Sunday, February 01, 2009

Not a Bowler

I'm not a bowler. Not of any kind. I don't bowl, although I'll go if that's what everyone else is doing. I'm just not that good at it (probably because I don't do it very often). I do remember a funny incident, though, when I was in high school and some of my classmates and I went bowling one Saturday night. One of the guys thought he was quite good and went into a fancy wind-up (I know, bowling is not pitching...just don't know what else to call what he did). He went into his release, but let go too late and swung himself onto the floor. We were unmerciful in our laughter =)

I have become a collector of bowls recently.

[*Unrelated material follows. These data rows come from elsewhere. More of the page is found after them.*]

(* For all positive integers $t$ and $p$ there exists an antipodal $3^t5^p$-splitting of $Q_2^{2^{2t+3p}}$.
   Context: $Q_2^n=\{0,1\}^n$. For $0\le m\le n$, an $m$-face of $Q_2^n$ is given by a tuple $a=(a_1,\dots,a_n)\in\{0,1,*\}^n$ with exactly $m$ entries equal to $*$; it denotes the set $\{x\in Q_2^n : x_i=a_i \text{ whenever } a_i\in\{0,1\}\}$. The direction of a face is the set of positions of its asterisks; two faces are parallel if they have the same direction, and two parallel faces $a,b$ are antipodal if $b_i=1-a_i$ at every non-asterisk position $i$. For positive integers $k<n$, an antipodal $k$-splitting of $Q_2^n$ is a collection of exactly $2^k$ $(n-k)$-faces whose union is $Q_2^n$ and which contains no pair of parallel non-antipodal faces. *)

theory Defs
  imports Main
begin

text \<open>A face of Q_2^n is a list of length n over option bool:
  Some False = 0, Some True = 1, None = asterisk.  Vertices of Q_2^n are
  bool lists of length n.\<close>

definition cube :: "nat \<Rightarrow> bool list set" where
  "cube n = {x. length x = n}"

definition is_face :: "nat \<Rightarrow> nat \<Rightarrow> bool option list \<Rightarrow> bool" where
  "is_face n m a \<longleftrightarrow> length a = n \<and> card {i. i < n \<and> a ! i = None} = m"

definition face_set :: "bool option list \<Rightarrow> bool list set" where
  "face_set a = {x. length x = length a \<and>
      (\<forall>i < length a. \<forall>v. a ! i = Some v \<longrightarrow> x ! i = v)}"

definition direction :: "bool option list \<Rightarrow> nat set" where
  "direction a = {i. i < length a \<and> a ! i = None}"

definition parallel :: "bool option list \<Rightarrow> bool option list \<Rightarrow> bool" where
  "parallel a b \<longleftrightarrow> length a = length b \<and> direction a = direction b"

definition antipodal :: "bool option list \<Rightarrow> bool option list \<Rightarrow> bool" where
  "antipodal a b \<longleftrightarrow> parallel a b \<and>
     (\<forall>i < length a. a ! i \<noteq> None \<longrightarrow> b ! i = map_option Not (a ! i))"

definition antipodal_splitting :: "nat \<Rightarrow> nat \<Rightarrow> bool option list set \<Rightarrow> bool" where
  "antipodal_splitting k n F \<longleftrightarrow>
     0 < k \<and> k < n \<and>
     finite F \<and> card F = 2 ^ k \<and>
     (\<forall>a \<in> F. is_face n (n - k) a) \<and>
     (\<Union>a \<in> F. face_set a) = cube n \<and>
     (\<forall>a \<in> F. \<forall>b \<in> F. a \<noteq> b \<and> parallel a b \<longrightarrow> antipodal a b)"

end

theory Submission
  imports Defs
begin

(*
  Counting vertices, the 2^k faces of dimension n - k of an antipodal k-splitting of Q_2^n
  tile the cube, so every vertex lies in exactly one of them.

  Splittings compose. Let F1 be an antipodal k1-splitting of Q_2^n1 and F2 one of Q_2^n2, and
  cut the coordinates of Q_2^(n1 n2) into n2 blocks of length n1. Take a face a of F2, replace
  each asterisk of a by a block of asterisks and each fixed coordinate a_j by a face of F1 whose
  first fixed coordinate has the value a_j. These faces form an antipodal k1 k2-splitting: a
  vertex x determines the faces of F1 containing its blocks, their first fixed values form a
  vertex of Q_2^n2, and that vertex determines a. Two distinct parallel faces of F1 are antipodal,
  so their first fixed values differ; this forces two distinct parallel composite faces to be
  antipodal block by block.

  Explicit antipodal 3-splittings of Q_2^4 and 5-splittings of Q_2^8 are checked by evaluation;
  powers of them and one product give a 3^t 5^p-splitting of Q_2^(4^t 8^p) = Q_2^(2^(2t+3p)).
*)

lemma face_set_Nil: "face_set [] = {[]}"
  by (auto simp: face_set_def)

lemma face_set_Cons_None: "face_set (None # a) = Cons True ` face_set a \<union> Cons False ` face_set a"
proof (rule set_eqI)
  fix x
  show "x \<in> face_set (None # a) \<longleftrightarrow> x \<in> Cons True ` face_set a \<union> Cons False ` face_set a"
  proof (cases x)
    case (Cons y ys)
    have "x \<in> face_set (None # a) \<longleftrightarrow> ys \<in> face_set a"
      unfolding Cons face_set_def by (simp add: All_less_Suc2)
    then show ?thesis using Cons by (cases y) auto
  qed (auto simp: face_set_def)
qed

lemma face_set_Cons_Some: "face_set (Some v # a) = Cons v ` face_set a"
proof (rule set_eqI)
  fix x
  show "x \<in> face_set (Some v # a) \<longleftrightarrow> x \<in> Cons v ` face_set a"
  proof (cases x)
    case (Cons y ys)
    have "x \<in> face_set (Some v # a) \<longleftrightarrow> y = v \<and> ys \<in> face_set a"
      unfolding Cons face_set_def by (auto simp: All_less_Suc2)
    then show ?thesis using Cons by auto
  qed (auto simp: face_set_def)
qed

lemma finite_face_set: "finite (face_set a)"
proof (induction a)
  case (Cons x a)
  then show ?case by (cases x) (simp_all add: face_set_Cons_None face_set_Cons_Some)
qed (simp add: face_set_Nil)

lemma card_face_set: "card (face_set a) = 2 ^ length (filter (\<lambda>x. x = None) a)"
proof (induction a)
  case Nil
  show ?case by (simp add: face_set_Nil)
next
  case (Cons x a)
  show ?case
  proof (cases x)
    case None
    have "Cons True ` face_set a \<inter> Cons False ` face_set a = {}" by auto
    then have "card (face_set (x # a)) = card (Cons True ` face_set a) + card (Cons False ` face_set a)"
      using None finite_face_set by (simp add: face_set_Cons_None card_Un_disjoint)
    also have "\<dots> = 2 * card (face_set a)" by (simp add: card_image)
    finally show ?thesis using None Cons.IH by simp
  next
    case (Some v)
    then show ?thesis using Cons.IH by (simp add: face_set_Cons_Some card_image)
  qed
qed

lemma is_face_iff: "is_face n m a \<longleftrightarrow> length a = n \<and> length (filter (\<lambda>x. x = None) a) = m"
  by (auto simp: is_face_def length_filter_conv_card)

lemma card_face_set_is_face: "is_face n m a \<Longrightarrow> card (face_set a) = 2 ^ m"
  by (simp add: is_face_iff card_face_set)

lemma cube_eq_face_set: "cube n = face_set (replicate n None)"
  by (auto simp: cube_def face_set_def)

lemma finite_cube: "finite (cube n)"
  and card_cube: "card (cube n) = 2 ^ n"
  by (simp_all add: cube_eq_face_set finite_face_set card_face_set)

lemma face_set_subset_cube: "is_face n m a \<Longrightarrow> face_set a \<subseteq> cube n"
  by (auto simp: is_face_def face_set_def cube_def)

lemma parallel_iff: "parallel a b \<longleftrightarrow> map (\<lambda>x. x = None) a = map (\<lambda>x. x = None) b"
proof
  assume "parallel a b"
  then have len: "length a = length b" and dir: "direction a = direction b"
    by (simp_all add: parallel_def)
  have "(a ! i = None) = (b ! i = None)" if "i < length a" for i
  proof -
    have "i \<in> direction a \<longleftrightarrow> i \<in> direction b" using dir by simp
    then show ?thesis using that len by (simp add: direction_def)
  qed
  with len show "map (\<lambda>x. x = None) a = map (\<lambda>x. x = None) b"
    by (simp add: list_eq_iff_nth_eq)
next
  assume eq: "map (\<lambda>x. x = None) a = map (\<lambda>x. x = None) b"
  then have len: "length a = length b" by (rule map_eq_imp_length_eq)
  have "(a ! i = None) = (b ! i = None)" if "i < length a" for i
    using arg_cong[OF eq, of "\<lambda>xs. xs ! i"] that len by simp
  then have "direction a = direction b"
    using len by (auto simp: direction_def)
  with len show "parallel a b" by (simp add: parallel_def)
qed

lemma antipodal_iff: "antipodal a b \<longleftrightarrow> b = map (map_option Not) a"
proof
  assume ab: "antipodal a b"
  then have "parallel a b" by (simp add: antipodal_def)
  then have len: "length b = length a" and none: "\<And>i. i < length a \<Longrightarrow> (a ! i = None) = (b ! i = None)"
    by (auto simp: parallel_iff list_eq_iff_nth_eq)
  have "b ! i = map_option Not (a ! i)" if "i < length a" for i
    using ab none[OF that] that by (cases "a ! i") (auto simp: antipodal_def)
  with len show "b = map (map_option Not) a"
    by (simp add: list_eq_iff_nth_eq)
next
  assume "b = map (map_option Not) a"
  then show "antipodal a b"
    by (auto simp: antipodal_def parallel_iff comp_def)
qed

lemma face_set_disjointI:
  assumes "i < length a" "a ! i = Some u" "b ! i = Some (\<not> u)"
  shows "face_set a \<inter> face_set b = {}"
proof -
  have "x ! i = u" "x ! i = (\<not> u)" if "x \<in> face_set a" "x \<in> face_set b" for x
    using that assms by (auto simp: face_set_def)
  then show ?thesis by blast
qed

I've found some beautiful bowls at Home Goods for next to nothing, literally, and since there's only one of me most of the time, been able to build a nice little collection for soups and salads.

The real bowling I meant to speak of tonight, though, was the Super Bowl. The truth is, I've watched many a Super Bowl, but have cared about very few of them. Football is not my favorite sport. I only learned it in the first place because I had a sophomore English class that was all boys my first year of teaching (in a boarding school in Michigan). I was desperate to find a way to reach them and discovered football worked. Every class period after a game, we'd talk about it first thing. That would buy me the rest of the class period for English! The weird thing was that every boy in the class liked a different team, none of them the Patriots!